Dr. Oronhyatekha, renowned doctor of Roblin’s Hill

Elizabeth Hall
A Walk Through History

In 1867 Dr. Oronhyatekha (pronounced O-RON-ya-day-ga) was the second Indigenous person in Canada to earn a medical degree. Born Aug. 10, 1841 on the Six Nations Grand River Reserve near Brantford Canada West (Now Ontario), he was a Mohawk physician, orator and the leader of the Canadian Independent Order of Foresters (Headquartered in Toronto, the Canadian Independent Order of Foresters provides life insurance and other financial solutions in Canada, the United Kingdom, and the United States). Dr. Oronhyatekha was also the sponsor of the IOF Orphans’ Home on Forester’s Island near Deseronto.

Dr. Oronhyatekha was born under the name Peter Martin, but later took the name Oronhyatekha, a Mohawk word meaning “Burning Sky” or “Burning Cloud”. As a young man he learned English and Mohawk, he attended school at the New England Company’s residential school and excelled in learning. He also attended the Wesleyan Academy in Massachusetts and later Kenyon College in Ohio, United States.

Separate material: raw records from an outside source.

definition affine_field :: "(nat \<Rightarrow> complex) \<Rightarrow> (nat \<Rightarrow> complex) \<Rightarrow> complex \<Rightarrow>
    (real \<Rightarrow> real \<Rightarrow> real \<Rightarrow> real \<Rightarrow> complex) \<Rightarrow> real \<Rightarrow> real \<Rightarrow> real \<Rightarrow> real \<Rightarrow> complex" where
  "affine_field a b l f x y z t = (\<Sum>k<4. (a k + l * b k) * pd k f x y z t)"

lemma affine_field_expand:
  "affine_field a b l f x y z t = (a 0 + l * b 0) * pd 0 f x y z t + (a 1 + l * b 1) * pd 1 f x y z t
     + (a 2 + l * b 2) * pd 2 f x y z t + (a 3 + l * b 3) * pd 3 f x y z t"
  by (simp add: affine_field_def eval_nat_numeral)

lemma affine_field_compose2:
  fixes F :: "complex \<Rightarrow> complex \<Rightarrow> complex"
  assumes "((\<lambda>w. F (fst w) (snd w)) has_derivative (\<lambda>h. J1 * fst h + J2 * snd h))
      (at (M1 x y z t, M2 x y z t))"
    and "\<forall>k<4. along k M1 x y z t differentiable at (coord k x y z t)"
    and "\<forall>k<4. along k M2 x y z t differentiable at (coord k x y z t)"
  shows "affine_field a b l (\<lambda>x y z t. F (M1 x y z t) (M2 x y z t)) x y z t
      = J1 * affine_field a b l M1 x y z t + J2 * affine_field a b l M2 x y z t"
  unfolding affine_field_def sum_distrib_left sum.distrib[symmetric]
  using assms by (intro sum.cong) (simp_all add: pd_compose2 algebra_simps)

lemma holomorphic_on_affine_field:
  assumes "\<forall>k<4. (\<lambda>l. pd k (f l) x y z t) holomorphic_on S"
  shows "(\<lambda>l. affine_field a b l (f l) x y z t) holomorphic_on S"
  unfolding affine_field_def using assms by (intro holomorphic_intros) auto

lemma continuous_on_affine_field:
  assumes "\<forall>k<4. continuous_on S (\<lambda>l. pd k (f l) x y z t)"
  shows "continuous_on S (\<lambda>l. affine_field a b l (f l) x y z t)"
  unfolding affine_field_def using assms by (intro continuous_intros) auto

lemma tendsto_0_if_mult_tendsto:
  fixes e :: "'a::real_normed_field \<Rightarrow> 'a"
  assumes "F \<le> at_infinity" and "((\<lambda>l. l * e l) \<longlongrightarrow> L) F"
  shows "(e \<longlongrightarrow> 0) F"
proof -
  have "((\<lambda>l. inverse l * (l * e l)) \<longlongrightarrow> 0 * L) F"
    using tendsto_mono[OF assms(1) tendsto_inverse_0] assms(2) by (rule tendsto_mult)
  moreover have "eventually (\<lambda>l. inverse l * (l * e l) = e l) F"
    using filter_leD[OF assms(1) eventually_not_equal_at_infinity[of 0]] by eventually_elim simp
  ultimately show ?thesis
    by (simp add: tendsto_cong)
qed

lemma has_vector_derivative_along_lead:
  assumes "i \<in> {1, 2}" and "k < 4"
  shows "(along k (\<lambda>x y z t. lead i x y z t l) x y z t has_vector_derivative
      (if i = 1 then (if k = 1 then -1 else 0) else if k = 0 then 1 else if k = 3 then l else 0))
      (at (coord k x y z t))"
proof -
  have "k = 0 \<or> k = 1 \<or> k = 2 \<or> k = 3" and "i = 1 \<or> i = 2"
    using assms by auto
  then show ?thesis
    by (elim disjE)
      (auto simp: along_def[abs_def] lead_def coord_def intro!: derivative_eq_intros)
qed

lemma affine_field_lead:
  assumes "i \<in> {1, 2}"
  shows "affine_field a b l (\<lambda>x y z t. lead i x y z t l) x y z t
      = (if i = 1 then - (a 1 + l * b 1) else (a 0 + l * b 0) + l * (a 3 + l * b 3))"
proof -
  have "pd k (\<lambda>x y z t. lead i x y z t l) x y z t
      = (if i = 1 then (if k = 1 then -1 else 0) else if k = 0 then 1 else if k = 3 then l else 0)"
    if "k < 4" for k
    using has_vector_derivative_along_lead[OF assms that] unfolding pd_def
    by (rule vector_derivative_at)
  then show ?thesis
    using assms by (auto simp: affine_field_expand)
qed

In 1860, The Prince of Wales, the future King Edward VII, came to visit Canada, and Oronhyatekha was selected by the Chiefs of the Six Nations to welcome His Royal Highness. The Prince later invited Oronhyatekha to study at Oxford University after hearing him give a speech. Oronhyatekha accepted the invitation, and after his studies he returned to Canada in 1863 and later married a woman named Ellen Hill of the Mohawk community at Tyendinaga, near Deseronto. He completed his medical degree at the University of Toronto in 1867, becoming the second Indigenous person in Canada to earn a medical degree.

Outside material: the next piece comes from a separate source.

(* (Subject reduction for LPCF.) If $\Gamma;\Delta\vdash e:\tau$ and $e\rightsquigarrow e'$, then $\Gamma;\Delta\vdash e':\tau$.
   Context: LPCF (linear PCF). Types: $\tau ::= \mathsf{Nat}\mid\mathsf{Bool}\mid \tau\,\&\,\tau' \mid \tau\otimes\tau' \mid \tau\multimap\tau' \mid \tau\to\tau'$. Terms: $e ::= x \mid \mathtt{0},\mathtt{1},\mathtt{2},\dots \mid \mathtt{succ}\mid\mathtt{pred}\mid\mathtt{iszero} \mid \lambda x.e \mid e\,e' \mid \mathtt{true}\mid\mathtt{false} \mid \mathtt{if}\ e_1\ \mathtt{then}\ e_2\ \mathtt{else}\ e_3 \mid \langle e_1,e_2\rangle \mid \mathtt{proj}_i(e)\ (i=1,2) \mid \mathtt{fix}_\tau \mid e_1\otimes e_2 \mid \mathtt{let}\ x\otimes y = e\ \mathtt{in}\ e'$. Terms are identified up to renaming of bound variables and $e[e'/x]$ is capture-avoiding substitution. Typing judgements $\Gamma;\Delta\vdash e:\tau$, with $\Gamma$ (non-linear) and $\Delta$ (linear) finite maps from variables to types with disjoint domains ($\Delta,\Delta'$ denotes a disjoint union). Rules: $\Gamma;\emptyset\vdash x:\tau$ if $x:\tau\in\Gamma$; $\Gamma;x:\tau\vdash x:\tau$ if $x\notin\Gamma$; $\Gamma;\emptyset\vdash\mathtt{fix}_\tau:(\tau\to\tau)\to\tau$; $\Gamma;\emptyset\vdash n:\mathsf{Nat}$ for numerals; $\Gamma;\emptyset\vdash\mathtt{succ},\mathtt{pred}:\mathsf{Nat}\multimap\mathsf{Nat}$; $\Gamma;\emptyset\vdash\mathtt{iszero}:\mathsf{Nat}\multimap\mathsf{Bool}$; $\Gamma;\emptyset\vdash\mathtt{true},\mathtt{false}:\mathsf{Bool}$; from $\Gamma;\Delta\vdash e_1:\mathsf{Bool}$, $\Gamma;\Delta'\vdash e_2:\tau$, $\Gamma;\Delta'\vdash e_3:\tau$ infer $\Gamma;\Delta,\Delta'\vdash \mathtt{if}\ e_1\ \mathtt{then}\ e_2\ \mathtt{else}\ e_3:\tau$; from $\Gamma;\Delta\vdash e_i:\tau_i$ ($i=1,2$) infer $\Gamma;\Delta\vdash\langle e_1,e_2\rangle:\tau_1\&\tau_2$; from $\Gamma;\Delta\vdash e:\tau_1\&\tau_2$ infer $\Gamma;\Delta\vdash\mathtt{proj}_i(e):\tau_i$; from $\Gamma;\Delta_i\vdash e_i:\tau_i$ infer $\Gamma;\Delta_1,\Delta_2\vdash e_1\otimes e_2:\tau_1\otimes\tau_2$; from $\Gamma;\Delta,x:\tau_1,y:\tau_2\vdash e:\tau$ and $\Gamma;\Delta'\vdash e':\tau_1\otimes\tau_2$ infer $\Gamma;\Delta,\Delta'\vdash\mathtt{let}\ x\otimes y=e'\ \mathtt{in}\ e:\tau$; from $\Gamma,x:\tau;\Delta\vdash e:\tau'$ infer $\Gamma;\Delta\vdash\lambda x.e:\tau\to\tau'$; from $\Gamma;\Delta\vdash e:\tau'\to\tau$ and $\Gamma;\emptyset\vdash e':\tau'$ infer $\Gamma;\Delta\vdash e\,e':\tau$; from $\Gamma;\Delta,x:\tau\vdash e:\tau'$ infer $\Gamma;\Delta\vdash\lambda x.e:\tau\multimap\tau'$; from $\Gamma;\Delta\vdash e:\tau'\multimap\tau$ and $\Gamma;\Delta'\vdash e':\tau'$ infer $\Gamma;\Delta,\Delta'\vdash e\,e':\tau$. One-step reduction $\rightsquigarrow$: the least relation containing $(\lambda x.e)e'\rightsquigarrow e[e'/x]$; $\mathtt{fix}_\tau\,e\rightsquigarrow e(\mathtt{fix}_\tau\,e)$; $\mathtt{succ}\,n\rightsquigarrow n+1$; $\mathtt{pred}\,0\rightsquigarrow 0$; $\mathtt{pred}\,n\rightsquigarrow n-1$ ($n\ge1$); $\mathtt{iszero}\,0\rightsquigarrow\mathtt{true}$; $\mathtt{iszero}\,n\rightsquigarrow\mathtt{false}$ ($n\ge1$); $\mathtt{if}\ \mathtt{true}\ \mathtt{then}\ e_1\ \mathtt{else}\ e_2\rightsquigarrow e_1$; $\mathtt{if}\ \mathtt{false}\ \mathtt{then}\ e_1\ \mathtt{else}\ e_2\rightsquigarrow e_2$; $\mathtt{proj}_i\langle e_1,e_2\rangle\rightsquigarrow e_i$; $\mathtt{let}\ x\otimes y=e_1\otimes e_2\ \mathtt{in}\ e\rightsquigarrow e[e_1/x,e_2/y]$; and closed under $\mathcal{E}[e_1]\rightsquigarrow\mathcal{E}[e_2]$ when $e_1\rightsquigarrow e_2$, for evaluation contexts $\mathcal{E}::=[\,]\mid\mathtt{succ}(\mathcal{E})\mid\mathtt{pred}(\mathcal{E})\mid\mathtt{iszero}(\mathcal{E})\mid\mathcal{E}\,e\mid\mathtt{if}\ \mathcal{E}\ \mathtt{then}\ e_1\ \mathtt{else}\ e_2\mid\mathtt{proj}_i(\mathcal{E})\mid\mathtt{let}\ x\otimes y=\mathcal{E}\ \mathtt{in}\ e$. *)

theory Defs
  imports Main
begin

Oronhyatekha established a small practice in Frankford, near Belleville, before moving to Stratford. Later, in 1872, on the recommendation of Sir John A. Macdonald, Prime Minister of Canada, he accepted an appointment as Government Consulting Physician to the Mohawks at Deseronto and moved to Napanee in 1873, living on Roblin’s Hill. He later moved his practice to London, Ontario, in 1874, and in 1878 he was granted membership to Court Dufferin No.7 of the Independent Order of Foresters, making him the first First Nations member. In 1881, he was elected Supreme Chief Ranger of the Canadian IOF. Dr. Oronhyatekha discontinued his medicinal practice in 1889 to concentrate on the IOF and relocated to Toronto.

Following his wife’s death in 1901, Oronhyatekha donated The Castle (a summer home he built in Tyendinaga) in 1902 to the IOF and made plans for the construction of an orphan’s home on Forester’s Island. The first orphan was accepted in 1905, but after Dr. Oronhyatekha’s death in 1907, the IOF attempted to sell the buildings but failed and the buildings were then torn down in 1909. Dr. Oronhyatekha is buried at Christ Church in Tyendinaga, next to his wife Ellen.

Random History Fact: Ketchup was once sold as medicine in the 1830s. It wasn’t popularized as a condiment until the late nineteenth century.